→ ABOUT THIS EXERCISE: Restate word for word every line from the top of the data below down through the line that holds "h p) constant_on".

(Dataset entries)
______

lemma unimodular_constant_if_unimodular_on_curves_at_irrational_angle:
  fixes h :: "complex \<Rightarrow> complex" and L1 L2 :: "real \<Rightarrow> complex"
  assumes h: "h holomorphic_on ball p r" and "r > 0"
    and L1: "(L1 has_vector_derivative v1) (at s)" "L1 s = p" "v1 \<noteq> 0"
    and L2: "(L2 has_vector_derivative v2) (at t)" "L2 t = p" "v2 \<noteq> 0"
    and unimod1: "eventually (\<lambda>x. norm (h (L1 x)) = 1) (at s)"
    and unimod2: "eventually (\<lambda>x. norm (h (L2 x)) = 1) (at t)"
    and irrational: "line_angle v1 v2 / pi \<notin> \<rat>"
  obtains c where "norm c = 1" "\<And>z. z \<in> ball p r \<Longrightarrow> h z = c"
proof -
  have "(L1 \<longlongrightarrow> p) (at s)"
    using has_vector_derivative_continuous[OF L1(1)] L1(2) by (simp add: continuous_at)
  hence c: "norm (h p) = 1"
    using holomorphic_on_ball_imp_isCont_centre[OF h \<open>r > 0\<close>] trivial_limit_at unimod1
    by (rule norm_eq_1_if_unimodular_along)
  have "h z = h p" if z: "z \<in> ball p r" for z
  proof (rule ccontr)
    assume "h z \<noteq> h p"
    have p: "p \<in> ball p r"
      using \<open>r > 0\<close> by simp
    have nonconst: "\<not> (\<lambda>z. h z - h p) constant_on ball p r"
      using p z \<open>h z \<noteq> h p\<close> unfolding constant_on_def by (metis diff_self right_minus_eq)
    have "(\<lambda>z. h z - h p) holomorphic_on ball p r"
      using h by (intro holomorphic_intros)
    moreover have "(\<lambda>z. h z - h p) p = 0"
      by simp
    ultimately obtain K r' m where "0 < m" "0 < r'" "ball p r' \<subseteq> ball p r"
        "K holomorphic_on ball p r'"
        and K: "\<And>z. z \<in> ball p r' \<Longrightarrow> h z - h p = (z - p) ^ m * K z"
               "\<And>z. z \<in> ball p r' \<Longrightarrow> K z \<noteq> 0"
      by (rule holomorphic_factor_zero_nonconstant[OF _ open_ball connected_ball p _ nonconst]) blast
    have h_eq: "\<And>z. z \<in> ball p r' \<Longrightarrow> h z = h p + (z - p) ^ m * K z"
      using K(1) by (simp add: algebra_simps)
    note K_cont = holomorphic_on_ball_imp_isCont_centre[OF \<open>K holomorphic_on ball p r'\<close> \<open>0 < r'\<close>]
    have "Re (cnj (h p) * K p * v1 ^ m) = 0"
      by (rule Re_tangent_power_eq_0_if_unimodular_along[OF L1(1,2) \<open>r' > 0\<close> \<open>m > 0\<close> c h_eq
            K_cont unimod1])
    moreover have "Re (cnj (h p) * K p * v2 ^ m) = 0"
      by (rule Re_tangent_power_eq_0_if_unimodular_along[OF L2(1,2) \<open>r' > 0\<close> \<open>m > 0\<close> c h_eq
            K_cont unimod2])
    moreover have "cnj (h p) * K p \<noteq> 0"
      using c K(2)[of p] \<open>r' > 0\<close> by auto
    ultimately have "line_angle v1 v2 / pi \<in> \<rat>"
      using line_angle_rational_if_Re_mult_powers_eq_0[OF L1(3) L2(3) \<open>m > 0\<close>] by blast
    with irrational show False ..
  qed
  with c show thesis
    by (rule that)
qed

lemma unimodular_multiple_if_norm_eq_on_curves_at_irrational_angle:
  fixes f g :: "complex \<Rightarrow> complex" and L1 L2 :: "real \<Rightarrow> complex"
  assumes f: "f holomorphic_on S" and g: "g holomorphic_on S"
    and S: "open S" "connected S" "p \<in> S"
    and L1: "(L1 has_vector_derivative v1) (at s)" "L1 s = p" "v1 \<noteq> 0"
    and L2: "(L2 has_vector_derivative v2) (at t)" "L2 t = p" "v2 \<noteq> 0"
    and norm_eq1: "eventually (\<lambda>x. norm (f (L1 x)) = norm (g (L1 x))) (at s)"
    and norm_eq2: "eventually (\<lambda>x. norm (f (L2 x)) = norm (g (L2 x))) (at t)"
    and irrational: "line_angle v1 v2 / pi \<notin> \<rat>"
  shows "\<exists>\<beta>. norm \<beta> = 1 \<and> (\<forall>z\<in>S. f z = \<beta> * g z)"
proof -
  define G where "G = filtermap L1 (at s)"
  have G: "G \<le> at p" "G \<noteq> bot"
    using filterlim_at_if_has_vector_derivative_nonzero[OF L1(1,3)] L1(2)
    by (simp_all add: G_def filterlim_def filtermap_bot_iff)
  have norm_eq: "eventually (\<lambda>z. norm (f z) = norm (g z)) G"
    using norm_eq1 by (simp add: G_def eventually_filtermap)
  show ?thesis
  proof (cases "(\<forall>z\<in>S. f z = 0) \<or> (\<forall>z\<in>S. g z = 0)")
    case True
    moreover have "eventually (\<lambda>z. norm (g z) = norm (f z)) G"
      using norm_eq by (rule eventually_mono) simp
    ultimately have "\<forall>z\<in>S. f z = 0 \<and> g z = 0"
      using holomorphic_eq_0_if_norm_eq_along_zero[OF f S G norm_eq]
        holomorphic_eq_0_if_norm_eq_along_zero[OF g S G] by blast
    thus ?thesis
      by (intro exI[of _ 1]) simp
  next
    case False
    then obtain r h where "r > 0" "ball p r \<subseteq> S" "h holomorphic_on ball p r"
      and quotient: "\<And>z. z \<in> ball p r \<Longrightarrow> f z = h z * g z"
      and g_nz: "\<And>z. z \<in> ball p r - {p} \<Longrightarrow> g z \<noteq> 0"
      using holomorphic_quotient_if_norm_eq_along[OF f g S G _ _ norm_eq] by blast
    have "eventually (\<lambda>x. norm (h (L1 x)) = 1) (at s)"
      using filterlim_at_if_has_vector_derivative_nonzero[OF L1(1,3)] L1(2)
      by (intro eventually_norm_eq_1_if_quotient_along[OF _ \<open>r > 0\<close> quotient g_nz norm_eq1]) simp
    moreover have "eventually (\<lambda>x. norm (h (L2 x)) = 1) (at t)"
      using filterlim_at_if_has_vector_derivative_nonzero[OF L2(1,3)] L2(2)
      by (intro eventually_norm_eq_1_if_quotient_along[OF _ \<open>r > 0\<close> quotient g_nz norm_eq2]) simp
    ultimately obtain c where "norm c = 1" and h_eq: "\<And>z. z \<in> ball p r \<Longrightarrow> h z = c"
      by (rule unimodular_constant_if_unimodular_on_curves_at_irrational_angle[OF
          \<open>h holomorphic_on ball p r\<close> \<open>r > 0\<close> L1 L2 _ _ irrational]) blast
    moreover have "f z = c * g z" if "z \<in> S" for z
    proof (rule analytic_continuation_open[OF open_ball S(1) _ S(2) \<open>ball p r \<subseteq> S\<close> f])
      show "(\<lambda>z. c * g z) holomorphic_on S"
        using g by (intro holomorphic_intros)
    qed (use \<open>r > 0\<close> quotient h_eq that in auto)
    ultimately show ?thesis
      by blast
  qed
qed

lemma C1_curve_in_disc_has_vector_derivative:
  assumes "C1_curve_in_disc L" "s \<in> {0<..<1}"
  shows "(L has_vector_derivative vector_derivative L (at s)) (at s)"
proof -
  have "L differentiable at s"
    using assms unfolding C1_curve_in_disc_def C1_differentiable_on_eq by auto
  thus ?thesis
    using vector_derivative_works by blast
qed

lemma eventually_in_path_image_at_interior:
  assumes "s \<in> {0<..<1}"
  shows "eventually (\<lambda>x. L x \<in> path_image L) (at s)"
proof -
  have "eventually (\<lambda>x. x \<in> {0<..<1}) (at s)"
    using assms by (intro eventually_at_in_open') auto
  thus ?thesis
    by eventually_elim (auto simp: path_image_def)
qed

theorem corollary2p3:
  fixes f g :: "complex \<Rightarrow> complex" and L1 L2 :: "real \<Rightarrow> complex" and \<theta> :: real
  assumes "f holomorphic_on ball 0 1" and "g holomorphic_on ball 0 1"
    and "C1_curve_in_disc L1" and "C1_curve_in_disc L2"
    and "curves_intersect_at_angle L1 L2 \<theta>"
    and "\<theta> \<in> {0<..pi/2}" and "\<theta> / pi \<notin> \<rat>"
    and "\<forall>z \<in> path_image L1 \<union> path_image L2. norm (f z) = norm (g z)"
  shows "\<exists>\<beta>. norm \<beta> = 1 \<and> (\<forall>z \<in> ball 0 1. f z = \<beta> * g z)"
proof -
  obtain s t where st: "s \<in> {0<..<1}" "t \<in> {0<..<1}" "L1 s = L2 t"
    and v: "vector_derivative L1 (at s) \<noteq> 0" "vector_derivative L2 (at t) \<noteq> 0"
    and angle: "line_angle (vector_derivative L1 (at s)) (vector_derivative L2 (at t)) = \<theta>"
    using assms(5) unfolding curves_intersect_at_angle_def by blast
  have "L1 s \<in> path_image L1"
    using st(1) by (auto simp: path_image_def)
  hence "L1 s \<in> ball 0 1"
    using assms(3) by (auto simp: C1_curve_in_disc_def)
  moreover have "eventually (\<lambda>x. norm (f (L1 x)) = norm (g (L1 x))) (at s)"
    using eventually_in_path_image_at_interior[OF st(1), where L = L1]
    by eventually_elim (use assms(8) in blast)
  moreover have "eventually (\<lambda>x. norm (f (L2 x)) = norm (g (L2 x))) (at t)"
    using eventually_in_path_image_at_interior[OF st(2), where L = L2]
    by eventually_elim (use assms(8) in blast)
  ultimately show ?thesis
    using unimodular_multiple_if_norm_eq_on_curves_at_irrational_angle[OF assms(1,2)
        open_ball connected_ball _ C1_curve_in_disc_has_vector_derivative[OF assms(3) st(1)] refl v(1)
        C1_curve_in_disc_has_vector_derivative[OF assms(4) st(2)] st(3)[symmetric] v(2)]
      angle assms(7)
    by simp
qed

end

______

→ EXERCISE ANSWER:
lemma unimodular_constant_if_unimodular_on_curves_at_irrational_angle:
  fixes h :: "complex \<Rightarrow> complex" and L1 L2 :: "real \<Rightarrow> complex"
  assumes h: "h holomorphic_on ball p r" and "r > 0"
    and L1: "(L1 has_vector_derivative v1) (at s)" "L1 s = p" "v1 \<noteq> 0"
    and L2: "(L2 has_vector_derivative v2) (at t)" "L2 t = p" "v2 \<noteq> 0"
    and unimod1: "eventually (\<lambda>x. norm (h (L1 x)) = 1) (at s)"
    and unimod2: "eventually (\<lambda>x. norm (h (L2 x)) = 1) (at t)"
    and irrational: "line_angle v1 v2 / pi \<notin> \<rat>"
  obtains c where "norm c = 1" "\<And>z. z \<in> ball p r \<Longrightarrow> h z = c"
proof -
  have "(L1 \<longlongrightarrow> p) (at s)"
    using has_vector_derivative_continuous[OF L1(1)] L1(2) by (simp add: continuous_at)
  hence c: "norm (h p) = 1"
    using holomorphic_on_ball_imp_isCont_centre[OF h \<open>r > 0\<close>] trivial_limit_at unimod1
    by (rule norm_eq_1_if_unimodular_along)
  have "h z = h p" if z: "z \<in> ball p r" for z
  proof (rule ccontr)
    assume "h z \<noteq> h p"
    have p: "p \<in> ball p r"
      using \<open>r > 0\<close> by simp
    have nonconst: "\<not> (\<lambda>z. h z - h p) constant_on ball p r"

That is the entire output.